Re:Comments about device (Score:3, Informative)
Were it a film holograph, with the right equipment you could; in that laser's have a characteristic coherency, and holograms can only be produced by one of about half a dozen different types of lasers, simply because you have to manufacture the film specifically for the process, and the film only gets cheap in massive quantities. So you could peel the hologram off, or setup an optical front surface mirror arrangement allowing you to shine different types of laser light through and measure the change in coherency.

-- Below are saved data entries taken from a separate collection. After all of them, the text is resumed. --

lemma term_prob_by_last_edge:
  assumes "finite S" "E \<subseteq> S \<times> S" "acyclic E" "c \<noteq> a"
  shows "term_prob E A a c = (\<Sum>s \<in> {s. (s, c) \<in> E}. term_prob E A a s * A s c)"
proof -
  have "{s. (s, c) \<in> E} \<subseteq> S" using assms(2) by auto
  then have fin: "finite {s. (s, c) \<in> E}" using assms(1) by (rule finite_subset)
  have "term_prob E A a c
      = (\<Sum>s \<in> {s. (s, c) \<in> E}. sum (path_prob A) ((\<lambda>p. p @ [c]) ` paths E a s))"
    unfolding term_prob_def paths_by_last_edge[OF assms(4)]
  proof (rule sum.UNION_disjoint[OF fin])
    show "\<forall>s \<in> {s. (s, c) \<in> E}. finite ((\<lambda>p. p @ [c]) ` paths E a s)"
      using finite_paths[OF assms(1-3)] by blast
    show "\<forall>s \<in> {s. (s, c) \<in> E}. \<forall>s' \<in> {s. (s, c) \<in> E}. s \<noteq> s' \<longrightarrow>
        (\<lambda>p. p @ [c]) ` paths E a s \<inter> (\<lambda>p. p @ [c]) ` paths E a s' = {}"
      by (auto simp: paths_def)
  qed
  also have "\<dots> = (\<Sum>s \<in> {s. (s, c) \<in> E}. term_prob E A a s * A s c)"
  proof (rule sum.cong[OF refl])
    fix s
    have "sum (path_prob A) ((\<lambda>p. p @ [c]) ` paths E a s)
        = (\<Sum>p \<in> paths E a s. path_prob A (p @ [c]))"
      by (subst sum.reindex) (auto simp: inj_on_def)
    also have "\<dots> = (\<Sum>p \<in> paths E a s. path_prob A p * A s c)"
      by (rule sum.cong) (auto simp: paths_def path_prob_snoc)
    finally show "sum (path_prob A) ((\<lambda>p. p @ [c]) ` paths E a s) = term_prob E A a s * A s c"
      by (simp add: term_prob_def sum_distrib_right)
  qed
  finally show ?thesis .
qed

definition bn_target :: "'a set \<Rightarrow> ('a \<times> 'a) set \<Rightarrow> ('a \<Rightarrow> real) \<Rightarrow> ('a \<Rightarrow> real) \<Rightarrow> 'a \<Rightarrow> real"
  where "bn_target S E R F s = (if s \<in> terminals S E then R s else F s)"

lemma bn_loss_zero_imp_balanced:
  assumes "\<forall>x \<in> terminals S E. R x > 0" "\<forall>s \<in> S. F s > 0"
    and "\<forall>s \<in> S - {s0}. inflow E F A s > 0" "\<forall>s \<in> S - {s0}. bn_loss S E R F A s = 0"
  shows "\<forall>s \<in> S - {s0}. inflow E F A s = bn_target S E R F s"
proof
  fix s assume s: "s \<in> S - {s0}"
  have "bn_target S E R F s > 0" using s assms(1,2) by (simp add: bn_target_def)
  moreover have "inflow E F A s > 0" "bn_loss S E R F A s = 0" using s assms(3,4) by auto
  ultimately show "inflow E F A s = bn_target S E R F s" by (simp add: bn_loss_def bn_target_def)
qed

lemma term_prob_mult_source_flow:
  assumes "finite S" "E \<subseteq> S \<times> S" "acyclic E"
    and balanced: "\<forall>s \<in> S - {s0}. inflow E F A s = bn_target S E R F s"
    and "s \<in> S" "s \<noteq> s0"
  shows "term_prob E A s0 s * F s0 = bn_target S E R F s"
proof -
  have wf: "wf E"
    using assms(1-3) by (intro finite_acyclic_wf) (auto intro: finite_subset)
  from wf assms(5,6) show ?thesis
  proof (induction s rule: wf_induct_rule)
    case (less s)
    have pred_flow: "term_prob E A s0 p * F s0 = F p" if "(p, s) \<in> E" for p
    proof -
      have "p \<in> S" "p \<notin> terminals S E" using that assms(2) by (auto simp: terminals_def)
      then show ?thesis
        using less.IH that term_prob_self[OF assms(3)] by (cases "p = s0") (auto simp: bn_target_def)
    qed
    have "term_prob E A s0 s * F s0 = (\<Sum>p \<in> {p. (p, s) \<in> E}. term_prob E A s0 p * F s0 * A p s)"
      unfolding term_prob_by_last_edge[OF assms(1-3) less.prems(2)] sum_distrib_right
      by (simp add: ac_simps)
    also have "\<dots> = inflow E F A s"
      unfolding inflow_def using pred_flow by (intro sum.cong) auto
    finally show ?case using balanced less.prems by simp
  qed
qed

lemma sum_inflow_eq_sum_nonterminal_flow:
  assumes "finite S" "E \<subseteq> S \<times> S"
    and A_sum: "\<forall>s \<in> S - terminals S E. (\<Sum>s' \<in> {s'. (s, s') \<in> E}. A s s') = 1"
  shows "(\<Sum>s' \<in> S. inflow E F A s') = (\<Sum>s \<in> S - terminals S E. F s)"
proof -
  define h where "h s s' = (if (s, s') \<in> E then F s * A s s' else 0)" for s s'
  have inflow: "inflow E F A s' = (\<Sum>s \<in> S. h s s')" for s'
  proof -
    have "{s. (s, s') \<in> E} = {s \<in> S. (s, s') \<in> E}" using assms(2) by auto
    then show ?thesis unfolding inflow_def h_def using assms(1) by (simp add: sum.inter_filter)
  qed
  have outflow: "(\<Sum>s' \<in> S. h s s') = (if s \<in> terminals S E then 0 else F s)" if "s \<in> S" for s
  proof -
    have "{s'. (s, s') \<in> E} = {s' \<in> S. (s, s') \<in> E}" using assms(2) by auto
    then have "(\<Sum>s' \<in> S. h s s') = F s * (\<Sum>s' \<in> {s'. (s, s') \<in> E}. A s s')"
      unfolding h_def using assms(1)
      by (simp add: sum.inter_filter sum_distrib_left if_distrib cong: if_cong)
    then show ?thesis using A_sum that by (auto simp: terminals_def)
  qed
  have "(\<Sum>s' \<in> S. inflow E F A s') = (\<Sum>s \<in> S. if s \<in> terminals S E then 0 else F s)"
    unfolding inflow by (subst sum.swap) (simp add: outflow)
  also have "\<dots> = (\<Sum>s \<in> S - terminals S E. F s)"
    using assms(1) by (simp add: sum.If_cases Diff_eq)
  finally show ?thesis .
qed

lemma sum_reward_eq_source_outflow:
  assumes "finite S" "E \<subseteq> S \<times> S" "s0 \<in> S" "\<forall>p. (p, s0) \<notin> E"
    and A_sum: "\<forall>s \<in> S - terminals S E. (\<Sum>s' \<in> {s'. (s, s') \<in> E}. A s s') = 1"
    and balanced: "\<forall>s \<in> S - {s0}. inflow E F A s = bn_target S E R F s"
  shows "(\<Sum>x \<in> terminals S E - {s0}. R x) = (if s0 \<in> terminals S E then 0 else F s0)"
proof -
  have terminals_sub: "terminals S E \<subseteq> S" by (auto simp: terminals_def)
  have "inflow E F A s0 = 0" using assms(4) by (simp add: inflow_def)
  then have "(\<Sum>s \<in> S. inflow E F A s) = (\<Sum>s \<in> S - {s0}. bn_target S E R F s)"
    using assms(1,3) balanced by (simp add: sum.remove)
  also have "\<dots> = (\<Sum>x \<in> terminals S E - {s0}. R x) + (\<Sum>s \<in> S - terminals S E - {s0}. F s)"
  proof -
    have "(S - {s0}) \<inter> {s. s \<in> terminals S E} = terminals S E - {s0}"
      "(S - {s0}) \<inter> - {s. s \<in> terminals S E} = S - terminals S E - {s0}"
      using terminals_sub by auto
    then show ?thesis unfolding bn_target_def using assms(1) by (simp add: sum.If_cases)
  qed
  finally have "(\<Sum>s \<in> S - terminals S E. F s)
      = (\<Sum>x \<in> terminals S E - {s0}. R x) + (\<Sum>s \<in> S - terminals S E - {s0}. F s)"
    using sum_inflow_eq_sum_nonterminal_flow[OF assms(1,2) A_sum] by simp
  moreover have "(\<Sum>s \<in> S - terminals S E. F s)
      = (if s0 \<in> terminals S E then 0 else F s0) + (\<Sum>s \<in> S - terminals S E - {s0}. F s)"
    using assms(1,3) by (simp add: sum.remove)
  ultimately show ?thesis by linarith
qed

theorem theorem4p1:
  fixes S :: "'a set" and E :: "('a \<times> 'a) set" and s0 :: 'a
    and R F :: "'a \<Rightarrow> real" and A :: "'a \<Rightarrow> 'a \<Rightarrow> real"
  assumes finS: "finite S"
    and E_sub: "E \<subseteq> S \<times> S"
    and acyc: "acyclic E"
    and s0S: "s0 \<in> S"
    and source: "\<forall>s\<in>S. (\<forall>p. (p, s) \<notin> E) \<longleftrightarrow> s = s0"
    and R_pos: "\<forall>x\<in>terminals S E. R x > 0"
    and F_pos: "\<forall>s\<in>S. F s > 0"
    and A_nonneg: "\<forall>(s, s')\<in>E. A s s' \<ge> 0"
    and A_sum: "\<forall>s\<in>S - terminals S E. (\<Sum>s'\<in>{s'. (s, s') \<in> E}. A s s') = 1"
    and inflow_pos: "\<forall>s'\<in>S - {s0}. inflow E F A s' > 0"
    and loss_zero: "\<forall>s'\<in>S - {s0}. bn_loss S E R F A s' = 0"
  shows "\<forall>x\<in>terminals S E.
           term_prob E A s0 x = R x / (\<Sum>y\<in>terminals S E. R y)"
proof
  fix x assume x: "x \<in> terminals S E"
  have balanced: "\<forall>s \<in> S - {s0}. inflow E F A s = bn_target S E R F s"
    using R_pos F_pos inflow_pos loss_zero by (rule bn_loss_zero_imp_balanced)
  have total: "(\<Sum>y \<in> terminals S E - {s0}. R y) = (if s0 \<in> terminals S E then 0 else F s0)"
    using sum_reward_eq_source_outflow[OF finS E_sub s0S _ A_sum balanced] source s0S by blast
  have fin_terminals: "finite (terminals S E)" using finS by (simp add: terminals_def)
  show "term_prob E A s0 x = R x / (\<Sum>y \<in> terminals S E. R y)"
  proof (cases "s0 \<in> terminals S E")
    case True
    have "(\<Sum>y \<in> terminals S E - {s0}. R y) = 0" using True total by simp
    then have "\<forall>y \<in> terminals S E - {s0}. R y = 0"
      using fin_terminals R_pos by (subst (asm) sum_nonneg_eq_0_iff) (auto intro: less_imp_le)
    then have "y = s0" if "y \<in> terminals S E" for y
      using R_pos that by (metis DiffI less_irrefl singletonD)
    then have "terminals S E = {s0}" using True by blast
    then show ?thesis using x R_pos term_prob_self[OF acyc] by simp
  next
    case False
    then have "x \<noteq> s0" "(\<Sum>y \<in> terminals S E. R y) = F s0" using x total by auto
    moreover have "term_prob E A s0 x * F s0 = R x"
      using term_prob_mult_source_flow[OF finS E_sub acyc balanced, of x] x \<open>x \<noteq> s0\<close>
      by (simp add: bn_target_def terminals_def)
    moreover have "F s0 > 0" using F_pos s0S by blast
    ultimately show ?thesis by (simp add: eq_divide_eq)
  qed
qed

end
lemma rho_xr_term_nonzero_imp:
  assumes \<mu>: "\<mu> \<in> subcomps lam n" "msize n \<mu> = r" "mlen n \<mu> = d_r"
    and w: "w permutes {0..<d_r}"
    and nonzero: "rho lam n (xr_term lam n d_r \<mu> w) \<noteq> 0"
  shows "\<mu> = top_subcomp lam n b_r m_r \<and> w = down_cycle d_r"
proof -
  note I = block_facts
  define xs where "xs = sorted_list_of_set (mpos n \<mu>)"
  have fin: "finite (mpos n \<mu>)" by (simp add: mpos_def)
  have len: "length xs = d_r" using \<mu>(3) fin by (simp add: xs_def mlen_def)
  have set_xs: "set xs = mpos n \<mu>" using fin by (simp add: xs_def)
  have in_range: "1 \<le> xs ! k \<and> xs ! k \<le> n \<and> 1 \<le> \<mu> (xs ! k) \<and> \<mu> (xs ! k) \<le> lam (xs ! k)"
    if "k < d_r" for k
    using nth_mem[of k xs] that len set_xs \<mu>(1) by (auto simp: mpos_def subcomps_def)
  have w_less: "w k < d_r" if "k < d_r" for k
    using permutes_in_image[OF w] that by simp
  have factor: "xs ! w k = n \<or> (xs ! k = Suc (xs ! w k) \<and> \<mu> (xs ! k) = lam (xs ! k))"
    if k: "k < d_r" for k
  proof (rule ccontr)
    assume "\<not> ?thesis"
    then have "rho lam n (e_elt lam (xs ! w k) (xs ! k) (\<mu> (xs ! k) - 1)) = 0"
      using rho_e_elt[OF pos mono, of "xs ! w k" "xs ! k" "\<mu> (xs ! k)"]
        in_range[OF k] in_range[OF w_less[OF k]] by auto
    then have "rho lam n (xr_term lam n d_r \<mu> w) = 0"
      using k by (auto simp: rho_xr_term xs_def[symmetric] Let_def intro: prod_zero)
    with nonzero show False by contradiction
  qed
  have sorted: "sorted_wrt (<) xs" by (simp add: xs_def strict_sorted_list_of_set)
  have "set xs \<subseteq> {..n}" using in_range len by (auto simp: in_set_conv_nth)
  moreover have "xs ! w k = n \<or> xs ! k = Suc (xs ! w k)" if "k < d_r" for k
    using factor[OF that] by blast
  ultimately have forced: "w = down_cycle d_r" "xs = [b_r..<n + 1]"
    using permutation_forced_down_cycle[OF sorted len _ _ w] I(1) by simp_all
  have mpos: "mpos n \<mu> = {b_r..n}"
    using set_xs forced(2) by auto
  have full: "\<mu> j = lam j" if j: "b_r < j" "j \<le> n" for j
  proof -
    define k where "k = j - b_r"
    have k: "0 < k" "k < d_r" using j I(5) by (auto simp: k_def)
    have "xs ! k = j" "xs ! w k = j - 1"
      using forced j k I(5) by (auto simp: k_def down_cycle_def nth_upt simp del: upt_Suc)
    then show ?thesis using factor[OF k(2)] j by auto
  qed
  have \<mu>_top: "\<mu> = top_subcomp lam n b_r (\<mu> b_r)"
    by (rule subcomp_eq_top_subcomp[OF \<mu>(1) mpos full])
  then have "msize n \<mu> = \<mu> b_r + (\<Sum>j\<in>{b_r<..n}. lam j)"
    using msize_top_subcomp[OF I(3,4), of lam "\<mu> b_r"] by simp
  then have "\<mu> b_r = m_r" using \<mu>(2) I(8) by simp
  then show ?thesis using \<mu>_top forced(1) by simp
qed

How does that help? Slicing the image down changed the coherency of the interference pattern. If you shine the original type of laser through it and measure the change in coherency with an interferometer, you can measure the amount of information lost; that corresponds exactly to the change in area
However, the dove on the VISA card is almost certainly a mechanical hologram, not a film hologram. Basically, because atoms are significantly smaller than photons, you can take a hologram and create a metal stamp based on it, and then use that stamp to create a holographic impression on a plastic or metal foil. It's a cheap way to mass produce holograms. But you lose a lot of the coherency information, which is why mass produced holograms are always virtual images (they appear to be inside of, rather than outside of, the hologram), because virtual images are more forgiving of slight errors in the process.
Re:Comments about device (Score:1, Informative)
That's is interesting, but it's not true. You do lose information. What you loose is look angles. When you cut the film in half, it's like cutting the window to the hologram in half.